Deadlock on debt ceiling continues in Washington

The politicians in Washington have not been able to compromise, at least not yet, and their failure has brought America to the abyss just a week before August 2, when the debt ceiling must be raised so that the U.S. government will not default and be forced to cancel its payments.

Despite long and intense negotiations, the parties are still far apart. Last Friday, the House of Representatives Republican President John Boehner left the negotiating table for the second time, and an angry, almost bitter President wondered whether the Republicans can say “yes” to anything.

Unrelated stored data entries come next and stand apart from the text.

lemma connected_forbidden_free_no_independent_triple:
  assumes "connected_graph V E"
    and "\<not> has_induced V E 5 P5_edge" "\<not> has_induced V E 4 C4_edge"
    "\<not> has_induced V E 4 claw_edge" "\<not> has_induced V E 5 bull_edge"
  shows "\<not> independent_triple V E a b c"
proof
  assume "independent_triple V E a b c"
  moreover have "E\<^sup>*\<^sup>* a b"
    using assms(1) calculation by (simp add: connected_graph_def independent_triple_def)
  ultimately obtain a' b' c' w where triple: "independent_triple V E a' b' c'"
    and "E a' w" "E w b'"
    using independent_triple_with_common_neighbour by blast
  then have "w \<in> V"
    by (simp add: edge_in_V)
  have "\<not> E c' w"
  proof
    assume "E c' w"
    then have "has_induced V E 4 claw_edge"
      using triple \<open>w \<in> V\<close> \<open>E a' w\<close> \<open>E w b'\<close>
      by (intro induced_clawI[of w a' b' c']) (auto simp: independent_triple_def edge_sym)
    then show False
      using assms(4) by blast
  qed
  moreover have "E\<^sup>*\<^sup>* c' w"
    using assms(1) triple \<open>w \<in> V\<close> by (simp add: connected_graph_def independent_triple_def)
  ultimately have "\<not> E w a'"
    using P3_anticomplete_reachable[OF assms(2-5), of a' w b' c' w] triple \<open>E a' w\<close> \<open>E w b'\<close>
    by (auto simp: independent_triple_def edge_sym)
  then show False
    using \<open>E a' w\<close> by (simp add: edge_sym)
qed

Unsuccessful negotiations continued during the weekend between party leaders in Congress, and today, the Democrat leader in the Senate Harry Reid and the Republican Speaker John Boehner presented separate proposals as solutions to the crisis. But the two proposals differ substantially, and the chances for reconciliation and compromise seem minimal even though Ezra Klein in his Washington Post blog outlines a possible way for the two sides to come together.

Meanwhile, the impasse continues and the uncertainty and anxiety have increased noticeably in recent days. The world’s stock markets today reacted negatively to the deadlock in Washington, and tonight, President Obama addresses the nation, underlining how serious the situation is, although everyone stills says that the debt ceiling will be raised.

But how, when each side consistently trashes the other’s proposals, and when ideology consistently trumps good sense and pragmatism?

The inconceivable — that the world’s largest economy with AAA rating could soon be unable to pay its debts — can no longer be excluded.